Posted By: chriswallace187
Date Posted: January 02, 2009 at 7:36 PM
You too t&t!

-------------
C Renner's Auto Electronix
My service is cheap, quick, and good - pick any two




Posted By: tedmond
Date Posted: January 02, 2009 at 8:46 PM

i almost have as many post as you chris, i want an upgrade too, afterall i should get some recognition for being the youngest installler on this site. posted_image

btw, thanks for the info about the rs. i found in my garage an add on rs unit which i dont even know who made or or where i came from. you got anything that just sends out an aux signal? i just need to trigger that unit. i think its a DEI build but not sure.





Posted By: cpgoose
Date Posted: January 02, 2009 at 10:46 PM
Hey, thanks for the reply Chris...very helpful! I read the other post, too, by the supremely brilliant contributor ;) Thanks, that was good, too. So I guess that bypass module listed above is considered a "vehicle-specific data bypass", right?

Alright, so now I have a better understanding of Data-Link. Depending on which remote starter I pick, is it all the same idea, but with different names? Or do I have to get one that specifically has "Data-Link"?

Are there remote starters now that also have a "data-link" type hookup to the vehicle itself, too? Almost like when you install a headunit and you can use a wire harness so you don't have to make so many connections?

Thanks! (Sorry for all the questions)




Posted By: chriswallace187
Date Posted: January 03, 2009 at 9:41 AM
cpgoose wrote:

So I guess that bypass module listed above is considered a "vehicle-specific data bypass", right?
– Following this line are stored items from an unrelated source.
text \<open>The leading coefficient is dominated by \<open>q (P1 q' - P0 q)\<close>, whose degree is governed by
  \<open>w - c\<close>, where \<open>w\<close> ends the period and \<open>c\<close> precedes it.\<close>

lemma degree_qf_subst_leading:
  fixes c w q q' q'' P0 P1 Rr Q0 Q1 :: "'a::idom poly"
  assumes q: "q = c * q' + q''" "q' \<noteq> 0" "c \<noteq> 0" "q'' = 0 \<or> degree q'' < degree q'"
    and P1: "P1 = w * P0 + Rr" "P0 \<noteq> 0" "Rr = 0 \<or> degree Rr < degree P0" "w \<noteq> c"
    and Q: "Q0 = 0 \<or> degree Q0 < degree P0" "degree Q1 < degree P0 + degree w"
  shows "degree (fst (qf_subst (Q1, Q0 - P1, - P0) (- q', p', q, - p)))
    = degree (w - c) + degree P0 + degree q' + degree q"
proof -
  define h where "h = degree (w - c) + degree P0 + degree q' + degree q"
  have q_dom: "q'' = 0 \<or> degree q'' < degree (c * q')" using q(2-4) by (auto simp: degree_mult_eq)
  have dq: "degree q = degree c + degree q'" and "q \<noteq> 0"
    using degree_add_dominated[OF q_dom] add_dominated_nonzero[OF _ q_dom] q(1-3)
    by (simp_all add: degree_mult_eq)
  define T where "T = ((w - c) * P0 + Rr) * q' - P0 * q''"
  have P_dom: "Rr = 0 \<or> degree Rr < degree ((w - c) * P0)"
    using P1(2-4) by (auto simp: degree_mult_eq)
  have dT1: "degree ((w - c) * P0 + Rr) = degree (w - c) + degree P0" "(w - c) * P0 + Rr \<noteq> 0"
    using degree_add_dominated[OF P_dom] add_dominated_nonzero[OF _ P_dom] P1(2,4)
    by (simp_all add: degree_mult_eq)
  then have d: "degree (((w - c) * P0 + Rr) * q') = degree (w - c) + degree P0 + degree q'"
    using q(2) by (simp add: degree_mult_eq)
  have T_dom: "- (P0 * q'') = 0 \<or> degree (- (P0 * q'')) < degree (((w - c) * P0 + Rr) * q')"
  proof (cases "q'' = 0")
    case False
    with q(4) P1(2) d show ?thesis by (simp add: degree_mult_eq)
  qed simp
  have dT: "degree T = degree (w - c) + degree P0 + degree q'" "T \<noteq> 0"
    using degree_add_dominated[OF T_dom] add_dominated_nonzero[OF _ T_dom] d dT1(2) q(2)
    by (simp_all add: T_def)
  have "degree (Q1 * q' * q') \<le> degree Q1 + degree q' + degree q'"
    by (metis add_mono_thms_linordered_semiring(3) degree_mult_le order_trans)
  moreover have "degree w \<le> degree (w - c) + degree c"
    using degree_add_le_max[of "w - c" c] by simp
  ultimately have small1: "degree (Q1 * q' * q') < h"
    using Q(2) dq by (simp add: h_def)
  have small2: "Q0 * q' * q = 0 \<or> degree (Q0 * q' * q) < h"
  proof (cases "Q0 = 0")
    case False
    with Q(1) q(2) dq \<open>q \<noteq> 0\<close> show ?thesis by (simp add: h_def degree_mult_eq)
  qed simp
  have "fst (qf_subst (Q1, Q0 - P1, - P0) (- q', p', q, - p))
      = q * T + (Q1 * q' * q' - Q0 * q' * q)"
    by (simp add: qf_subst_def T_def q P1 algebra_simps)
  also have "degree \<dots> = degree (q * T)"
  proof (rule degree_add_dominated)
    show "Q1 * q' * q' - Q0 * q' * q = 0 \<or> degree (Q1 * q' * q' - Q0 * q' * q) < degree (q * T)"
      using small1 small2 dT \<open>q \<noteq> 0\<close> by (auto simp: h_def degree_mult_eq intro: degree_diff_less)
  qed
  finally show ?thesis using dT \<open>q \<noteq> 0\<close> by (simp add: degree_mult_eq)
qed

definition mat2_cong_scalar :: "'a::comm_ring_1 \<Rightarrow> 'a \<Rightarrow> 'a mat2 \<Rightarrow> bool" where
  "mat2_cong_scalar g l X \<longleftrightarrow>
     (case X of (a, b, c, d) \<Rightarrow> g dvd a - l \<and> g dvd b \<and> g dvd c \<and> g dvd d - l)"

lemma mat2_cong_scalar_det:
  assumes "mat2_cong_scalar g l X"
  shows "g dvd l * l - mat2_det X"
proof -
  obtain a b c d where X: "X = (a, b, c, d)" by (cases X)
  have dvd: "g dvd a - l" "g dvd b" "g dvd c" "g dvd d - l"
    using assms by (simp_all add: mat2_cong_scalar_def X)
  have "l * l - mat2_det X = b * c - l * (d - l) - d * (a - l)"
    by (simp add: X mat2_det_def algebra_simps)
  then show ?thesis by (simp only:) (intro dvd_diff dvd_mult dvd)
qed

lemma qf_poly_dvd_imp_cong_scalar:
  fixes M :: "'a::{comm_ring_1,algebraic_semidom} mat2"
  assumes "is_unit (mat2_det M)" "\<forall>i. g dvd coeff (qf_poly (qf_subst (Q1, Q0 - P1, - P0) M)) i"
  shows "mat2_cong_scalar g P1 (P1, P0, Q1, Q0)"
proof -
  obtain A B C where F: "qf_subst (Q1, Q0 - P1, - P0) M = (A, B, C)"
    by (cases "qf_subst (Q1, Q0 - P1, - P0) M")
  have "g dvd C" "g dvd B" "g dvd A"
    using assms(2)[rule_format, of 0] assms(2)[rule_format, of 1] assms(2)[rule_format, of 2]
    by (simp_all add: F qf_poly_def numeral_2_eq_2)
  then have "qf_dvd g (qf_subst (Q1, Q0 - P1, - P0) M)" by (simp add: F qf_dvd_def)
  then have "qf_dvd g (Q1, Q0 - P1, - P0)" by (rule qf_dvd_subst_unimodular[OF assms(1)])
  then show ?thesis by (simp add: qf_dvd_def mat2_cong_scalar_def)
qed

text \<open>Conjugation by an invertible \<open>X\<close> preserves scalar matrices modulo \<open>g\<close>: the entries of
  \<open>det X \<cdot> (Y X - l I)\<close> are those of \<open>adj X \<cdot> (X Y - l I) \<cdot> X\<close>.\<close>

lemma mat2_cong_scalar_rotate:
  assumes "is_unit (mat2_det X)" "mat2_cong_scalar g l (mat2_mult X Y)"
  shows "mat2_cong_scalar g l (mat2_mult Y X)"
proof -
  obtain x1 x2 x3 x4 where X: "X = (x1, x2, x3, x4)" by (cases X)
  obtain y1 y2 y3 y4 where Y: "Y = (y1, y2, y3, y4)" by (cases Y)
  define e where "e = x1 * x4 - x2 * x3"
  define E1 E2 E3 E4 where "E1 = x1 * y1 + x2 * y3 - l" and "E2 = x1 * y2 + x2 * y4"
    and "E3 = x3 * y1 + x4 * y3" and "E4 = x3 * y2 + x4 * y4 - l"
  have E: "g dvd E1" "g dvd E2" "g dvd E3" "g dvd E4"
    using assms(2)
    by (simp_all add: X Y mat2_mult_def mat2_cong_scalar_def E1_def E2_def E3_def E4_def)
  have "is_unit e" using assms(1) by (simp add: X mat2_det_def e_def)
  then have cancel: "g dvd z"
    if "e * z = (u1 * a1 - u2 * a2) * v1 + (u3 * a3 - u4 * a4) * v2"
      "g dvd a1" "g dvd a2" "g dvd a3" "g dvd a4"
    for z u1 u2 u3 u4 v1 v2 a1 a2 a3 a4
  proof -
    have "g dvd (u1 * a1 - u2 * a2) * v1 + (u3 * a3 - u4 * a4) * v2"
      by (intro dvd_add dvd_mult2[OF dvd_diff[OF dvd_mult[OF that(2)] dvd_mult[OF that(3)]]]
          dvd_mult2[OF dvd_diff[OF dvd_mult[OF that(4)] dvd_mult[OF that(5)]]])
    then have "g dvd e * z" by (simp only: that(1))
    then show ?thesis by (simp add: dvd_mult_unit_iff'[OF \<open>is_unit e\<close>])
  qed
  have "e * (y1 * x1 + y2 * x3 - l) = (x4 * E1 - x2 * E3) * x1 + (x4 * E2 - x2 * E4) * x3"
    and "e * (y1 * x2 + y2 * x4) = (x4 * E1 - x2 * E3) * x2 + (x4 * E2 - x2 * E4) * x4"
    and "e * (y3 * x1 + y4 * x3) = (x1 * E3 - x3 * E1) * x1 + (x1 * E4 - x3 * E2) * x3"
    and "e * (y3 * x2 + y4 * x4 - l) = (x1 * E3 - x3 * E1) * x2 + (x1 * E4 - x3 * E2) * x4"
    by (simp_all add: e_def E1_def E2_def E3_def E4_def algebra_simps)
  note cancel[OF this(1) E(1,3,2,4)] cancel[OF this(2) E(1,3,2,4)]
    cancel[OF this(3) E(3,1,4,2)] cancel[OF this(4) E(3,1,4,2)]
  then show ?thesis by (simp add: X Y mat2_mult_def mat2_cong_scalar_def)
qed

lemma dvd_cancel_square_unit:
  fixes g z l s :: "'a::comm_ring_1"
  assumes "g dvd z * l" "g dvd l * l - s" "s * s = 1"
  shows "g dvd z"
proof -
  have "g dvd z * l * l - z * (l * l - s)"
    using dvd_mult2[OF assms(1)] dvd_mult[OF assms(2)] by (rule dvd_diff)
  then have "g dvd z * s * s" by (simp add: algebra_simps)
  then show ?thesis using assms(3) by (simp add: mult.assoc)
qed

lemma mat2_det_cf_matrix_square: "mat2_det (cf_matrix xs) * mat2_det (cf_matrix xs) = 1"
  by (simp add: mat2_det_cf_matrix flip: power_mult_distrib)

lemma is_unit_mat2_det_cf_matrix: "is_unit (mat2_det (cf_matrix xs))"
  using mat2_det_cf_matrix_square[of xs] by (intro dvdI[where k = "mat2_det (cf_matrix xs)"]) simp

lemma cf_matrix_cong_scalar_rotate:
  fixes xs ys :: "'a::{comm_ring_1,algebraic_semidom} list"
  assumes "mat2_cong_scalar g l (cf_matrix (xs @ ys))"
  shows "mat2_cong_scalar g l (cf_matrix (ys @ xs))"
  using assms unfolding cf_matrix_append
  by (rule mat2_cong_scalar_rotate[OF is_unit_mat2_det_cf_matrix])

lemma cf_matrix_replicate:
  "1 \<le> m \<Longrightarrow> \<exists>u v w. cf_matrix (replicate m b) = (u, v, v, w) \<and> u = b * v + w"
proof (induction m)
  case (Suc m)
  show ?case
  proof (cases "m = 0")
    case False
    then obtain u v w where "cf_matrix (replicate m b) = (u, v, v, w)" "u = b * v + w"
      using Suc by auto
    then show ?thesis
      by (intro exI[of _ "b * u + v"] exI[of _ u] exI[of _ v]) (simp add: mat2_mult_def)
  qed (simp add: mat2_mult_def)
qed simp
We are talking vehicle-specific data bypass here, yes.

cpgoose wrote:

Alright, so now I have a better understanding of Data-Link. Depending on which remote starter I pick, is it all the same idea, but with different names? Or do I have to get one that specifically has "Data-Link"?


I'll be honest and say I have no experience at all installing any data link system from any manufacturer with a direct data cable connection. I've done installs using bypasses which have that capability; however I've always just connected the individual wires.

I've done some research for this post and figure I'll have to try using a data cable for an install in the near future. Hopefully another contributor can make up for my lack of knowledge here in this regard.

Data link bypass manufacturers include Bypasskit(owned by Directed Electronics since 2007 sometime), Idatalink, and Fortin. To my knowledge that's all of them, and everyone else selling data bypasses simply rebadges one of those 3 manufacturers' products.

As far as the remote start brands which have the data link capability, the following names seem to pop up on bypass manufacturer websites - Audiovox, AutoPage, Compustar, Directed(Viper/Python), Astrostart, Code Alarm, and several others.

Now for what appears to be the key part, and where I hope someone else can clarify. The interface protocol between the bypass modules and the remote start/alarm host units does NOT appear to be standardized across the industry. All 3 manufacturers appear to use a 4-pin RS232 cable for their data link connections; however RS232 only means that the connection is the same and not necessarily the actual data being transmitted.

In other words, the hardware is compatible; the software may not necessarily be, and anyone looking to use a data link connection for a remote start install needs to be careful to make sure they are buying remote starts and bypasses which can work with each other.

Of course if they don't work data-to-data you always have the option of just connecting the individual wires - but just plugging the cable could definitely save serious time for an installer.

cpgoose wrote:

Are there remote starters now that also have a "data-link" type hookup to the vehicle itself, too? Almost like when you install a headunit and you can use a wire harness so you don't have to make so many connections?


In answer to your last question, as far as a quick connection to the vehicle itself - Bulldog (and possibly others) made a T-harness a few years ago which was supposed to do that. The basic idea was that you'd disconnect the factory ignition switch plug, put one end of the T-harness into each end, and plug the rest into the Bulldog remote starter.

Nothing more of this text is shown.